Lata Lata, I must be rollin out
I'll write more later, that I have no doubt


Well there is a little example of my stellar poetry, I hope you enjoy it, there is more where that came from and it is actually what inspired me to even consider writing this blog thing. I can write a poem in a flash and have been known to use the bar napkins, but I usually just sit and write them during my down time at work. Sometimes if the office needs a good laugh I will just pick a topic and go with it. Apparently I thought it would be fun to write about telling your kids about the “Birds and the Bees”.


Being a parent, can sure be tough,
Especially when they start, asking about the muff

What's do you do, what do you say
Can't it wait 10 years, or at least until May

Where do you start, where do you begin
This will be little easier, if you have a swig of gin

The birds and the bees, that's what your parents said
But if you catch the “bird flue” you may wind up dead.
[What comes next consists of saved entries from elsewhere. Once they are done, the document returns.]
(* Let $C\in\mathcal{P}(n,d)$ with $\mathrm{st}(C)=\{j_1<\cdots<j_\ell\}$. Then $\ell\le d\le n-\ell$ and $j_k\ge 2k$ for all $1\le k\le\ell$.
   Context: $\mathcal{P}(n,d)$ is the set of words $C=C_1\cdots C_n$ in letters $\mathbf{e}$ (east step) and $\mathbf{n}$ (north step) with exactly $d$ letters $\mathbf{e}$. Scan positions left to right and mark position $i$ with $C_i=\mathbf{e}$ if the number of $j<i$ with $C_j=\mathbf{n}$ equals the number of $j<i$ with $C_j=\mathbf{e}$ that are unmarked; $\mathrm{st}(C)$ is the set of unmarked positions $i$ with $C_i=\mathbf{e}$. *)

theory Defs
  imports Main
begin

datatype step = E | N   (* E = east step, N = north step *)

text \<open>Scanning left to right; a = number of N letters seen so far,
  b = number of unmarked E letters seen so far.\<close>
fun marks_aux :: "nat \<Rightarrow> nat \<Rightarrow> step list \<Rightarrow> bool list" where
  "marks_aux a b [] = []"
| "marks_aux a b (N # w) = False # marks_aux (Suc a) b w"
| "marks_aux a b (E # w) =
     (if a = b then True # marks_aux a b w else False # marks_aux a (Suc b) w)"

definition marks :: "step list \<Rightarrow> bool list" where
  "marks C = marks_aux 0 0 C"

definition P :: "nat \<Rightarrow> nat \<Rightarrow> step list set" where
  "P n d = {C. length C = n \<and> length (filter (\<lambda>x. x = E) C) = d}"

text \<open>Positions are 1-indexed: position i corresponds to C ! (i - 1).\<close>
definition st :: "step list \<Rightarrow> nat set" where
  "st C = {i. 1 \<le> i \<and> i \<le> length C \<and> C ! (i - 1) = E \<and> \<not> marks C ! (i - 1)}"

end

theory Submission
  imports Defs
begin

text \<open>While scanning C, let a be the number of N letters and b the number of unmarked E
  letters read so far. Initially a = b = 0, and an E stays unmarked only if a \<noteq> b, so
  b \<le> a is invariant: no word has more unmarked E letters than N letters. Unmarked E
  letters are in particular E letters, so twice their number is at most the length of the
  word. Since marking only looks at the past, the positions of st C that are at most j
  form st of the prefix of length j; applied to the prefix ending at the k-th element of
  st C, this shows that this element is at least 2k.\<close>

definition unmarked_E :: "step list \<Rightarrow> bool list \<Rightarrow> nat" where
  "unmarked_E w ms = length (filter (\<lambda>(x, m). x = E \<and> \<not> m) (zip w ms))"

lemma unmarked_E_le_count_E: "unmarked_E w ms \<le> length (filter (\<lambda>x. x = E) w)"
proof (induction w arbitrary: ms)
  case (Cons x w)
  then show ?case by (cases ms) (auto simp: unmarked_E_def le_SucI)
qed (simp add: unmarked_E_def)

lemma unmarked_E_marks_aux_le:
  "b \<le> a \<Longrightarrow> b + unmarked_E w (marks_aux a b w) \<le> a + length (filter (\<lambda>x. x = N) w)"
  by (induction a b w rule: marks_aux.induct) (fastforce simp: unmarked_E_def)+

lemma length_marks_aux [simp]: "length (marks_aux a b w) = length w"
  by (induction a b w rule: marks_aux.induct) auto

lemma take_marks_aux: "take j (marks_aux a b w) = marks_aux a b (take j w)"
  by (induction a b w arbitrary: j rule: marks_aux.induct) (auto simp: take_Cons')

lemma count_E_plus_count_N: "length (filter (\<lambda>x. x = E) w) + length (filter (\<lambda>x. x = N) w) = length w"
proof (induction w)
  case (Cons x w)
  then show ?case by (cases x) auto
qed simp

lemma st_eq_image_Suc: "st C = Suc ` {i. i < length C \<and> C ! i = E \<and> \<not> marks C ! i}"
  unfolding st_def by (force simp: image_iff Suc_le_eq intro: exI[of _ "_ - 1"])

lemma card_st: "card (st C) = unmarked_E C (marks C)"
proof -
  have "card (st C) = card {i. i < length C \<and> C ! i = E \<and> \<not> marks C ! i}"
    by (simp add: st_eq_image_Suc card_image)
  also have "\<dots> = unmarked_E C (marks C)"
    unfolding unmarked_E_def length_filter_conv_card
    by (intro arg_cong[where f = card] Collect_cong) (auto simp: marks_def)
  finally show ?thesis .
qed

lemma card_st_le_count_E: "card (st C) \<le> length (filter (\<lambda>x. x = E) C)"
  by (simp add: card_st unmarked_E_le_count_E)

lemma card_st_le_count_N: "card (st C) \<le> length (filter (\<lambda>x. x = N) C)"
  using unmarked_E_marks_aux_le[of 0 0 C] by (simp add: card_st marks_def)

lemma two_card_st_le_length: "2 * card (st C) \<le> length C"
  using card_st_le_count_E[of C] card_st_le_count_N[of C] count_E_plus_count_N[of C] by linarith

lemma st_take: "st (take j C) = {i \<in> st C. i \<le> j}"
  by (auto simp: st_def marks_def take_marks_aux[symmetric])

lemma two_card_st_prefix_le: "j \<le> length C \<Longrightarrow> 2 * card {i \<in> st C. i \<le> j} \<le> j"
  using two_card_st_le_length[of "take j C"] by (simp add: st_take)

lemma Suc_le_card_le_sorted_list_of_set_nth:
  fixes S :: "'a::linorder set"
  assumes "finite S" and "k < card S"
  shows "Suc k \<le> card {x \<in> S. x \<le> sorted_list_of_set S ! k}"
proof -
  define s where "s = sorted_list_of_set S"
  have s: "sorted s" "distinct s" "set s = S" and k: "k < length s"
    using assms by (simp_all add: s_def)
  have "set (take (Suc k) s) \<subseteq> {x \<in> S. x \<le> s ! k}"
  proof
    fix x assume "x \<in> set (take (Suc k) s)"
    then obtain i where i: "i \<le> k" "x = s ! i"
      using k by (auto simp: in_set_conv_nth less_Suc_eq_le)
    then have "x \<in> S"
      using k s(3) nth_mem[of i s] by simp
    moreover have "x \<le> s ! k"
      using i k s(1) by (simp add: sorted_nth_mono)
    ultimately show "x \<in> {x \<in> S. x \<le> s ! k}"
      by simp
  qed
  then have "card (set (take (Suc k) s)) \<le> card {x \<in> S. x \<le> s ! k}"
    using assms(1) by (intro card_mono) simp_all
  moreover have "card (set (take (Suc k) s)) = Suc k"
    using k s(2) by (simp add: distinct_card)
  ultimately show ?thesis
    unfolding s_def by simp
qed

theorem lemma4p12:
  fixes C :: "step list" and n d :: nat
  assumes "C \<in> P n d"
  shows "card (st C) \<le> d \<and> d \<le> n - card (st C) \<and>
         (\<forall>k. 1 \<le> k \<and> k \<le> card (st C) \<longrightarrow>
              2 * k \<le> sorted_list_of_set (st C) ! (k - 1))"
proof -
  have n: "length C = n" and d: "length (filter (\<lambda>x. x = E) C) = d"
    using assms by (auto simp: P_def)
  have fin: "finite (st C)"
    unfolding st_def by simp
  have "2 * k \<le> sorted_list_of_set (st C) ! (k - 1)" if "1 \<le> k" "k \<le> card (st C)" for k
  proof -
    define j where "j = sorted_list_of_set (st C) ! (k - 1)"
    have "j \<in> st C"
      unfolding j_def using fin that
      by (metis Suc_le_eq Suc_pred' length_sorted_list_of_set nth_mem set_sorted_list_of_set zero_less_one order_less_le_trans)
    then have "j \<le> length C"
      by (simp add: st_def)
    moreover have "k \<le> card {i \<in> st C. i \<le> j}"
      using Suc_le_card_le_sorted_list_of_set_nth[OF fin, of "k - 1"] that by (simp add: j_def)
    ultimately have "2 * k \<le> j"
      using two_card_st_prefix_le[of j C] by linarith
    then show ?thesis
      by (simp add: j_def)
  qed
  moreover have "card (st C) \<le> d" and "d + card (st C) \<le> n"
    using card_st_le_count_E[of C] card_st_le_count_N[of C] count_E_plus_count_N[of C] n d
    by linarith+
  ultimately show ?thesis
    by auto
qed

end
lemma Ar_quotient_centered_near:
  assumes "a < b" "2 < r" "\<And>y. y \<in> {a..b} \<Longrightarrow> \<bar>y - c\<bar> \<le> 2 * (b - a)"
  shows "Ar_quotient r (\<lambda>y. (1/2) ^ level N \<bar>y - c\<bar>) a b
    \<le> (4 * (1 + 4 / (2 - 2 powr (1 / (r - 1))))) powr (r - 1)"
proof -
  define p where "p = 2 powr (1 / (r - 1))"
  define L where "L = 1 + 4 / (2 - p)"
  have p: "1 < p" "p < 2" using two_powr_inverse_bounds[OF assms(2)] by (auto simp: p_def)
  define D where "D = 2 * (b - a)"
  define k where "k = level N D"
  have D: "0 \<le> D" "{a..b} \<subseteq> {c - D..c + D}"
    using assms(1) assms(3)[of a] assms(3)[of b] unfolding D_def by (auto simp: abs_le_iff)
  have "integral {a..b} (\<lambda>y. p ^ level N \<bar>y - c\<bar>)
      \<le> integral {c - D..c + D} (\<lambda>y. p ^ level N \<bar>y - c\<bar>)"
    using p D by (intro integral_subset_le integrable_level_abs_diff) auto
  also have "\<dots> = 2 * integral {0..D} (\<lambda>t. p ^ level N t)"
    using has_integral_abs_diff[OF integrable_integral[OF integrable_level] D(1)]
    by (simp add: integral_unique)
  also have "\<dots> \<le> 2 * (L * D * p ^ k)"
    using integral_pow_level_le[OF p D(1)] unfolding L_def k_def by simp
  finally have "integral {a..b} (\<lambda>y. ((1/2) ^ level N \<bar>y - c\<bar>) powr (- 1 / (r - 1)))
      \<le> (b - a) * (4 * L * p ^ k)"
    unfolding half_power_powr p_def[symmetric] D_def by (simp add: algebra_simps)
  moreover have "(1/2::real) ^ level N \<bar>y - c\<bar> \<le> (1/2) ^ k" if "y \<in> {a..b}" for y
    using assms(3)[OF that] unfolding k_def D_def by (intro power_decreasing level_antimono) auto
  ultimately have "Ar_quotient r (\<lambda>y. (1/2) ^ level N \<bar>y - c\<bar>) a b
      \<le> (1/2) ^ k * (4 * L * p ^ k) powr (r - 1)"
    using assms(1,2)
    by (intro Ar_quotient_le)
      (auto simp: half_power_powr p_def[symmetric] intro: integrable_level_abs_diff)
  also have "\<dots> = (4 * L) powr (r - 1)"
    using p two_powr_inverse_power_powr[of r k] assms(2)
    by (simp add: powr_mult L_def p_def power_one_over)
  finally show ?thesis unfolding L_def p_def .
qed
Now all this talk about animals, may seem a bit confusing
Let me try again, this time making it amusing

No more birds, and no more bees
I wish I could explain this, talking about trees

I guess I can, I guess I could
Here it goes, were gonna talk about wood

It can start a fire, it can start a flame
But you don't want to show yours, to just any dame

In case you are lost, I will give you a hint
This isn't the same kind of wood, you start with a flint

I see you're lost, you have that look in your eye
I was talking about the wood, you have behind your fly

It maybe small now, but you just wait
There's a good chance it will grow, on your first date

Don't be scared, I know what to do
Tell your date you're ill, and have a touch of the flu

Get home quick, and you won't get sick
Don't take off your pants, or do the horizontal dance

All these analogies, are getting a little old
I'm gonna try something different, and just be bold

Boys have a penis, and it gets firm
When they get excited, they will shoot out sperm

Girls have a vagina, it may smell a little
They have three holes below, one to poop bleed and piddle

Enough about that, I need another drink
Talking about this, is really starting to stink

Remember the hole, I said was made to bleed
It happens to be the same hole, you will plant your little seed

Nine months later, you may have made a little life
But you better make sure, the mom is your wife

If you have sex, before you have a ring
Even with protection, you can still catch THE THING

The THING I speak of, isn't very nice
You will have to cure it with penicillin and ice

Sexually transmitted disease, that's its name
It will make you sick, and may take you out of the game

Now you see why, it's important to me
I don't want you to catch a horrible STD

So go out, and have some fun
As long as you make sure, the deed isn't done

That's my lesson, for the day
Don't forget the consequences, of rolling in the hay.


Needless to say, no one from work has asked me to talk to their kids yet. WEIRD. So there it is, a little about me, no worries there is plenty more where this all came from. I haven’t even gotten to the good stuff yet.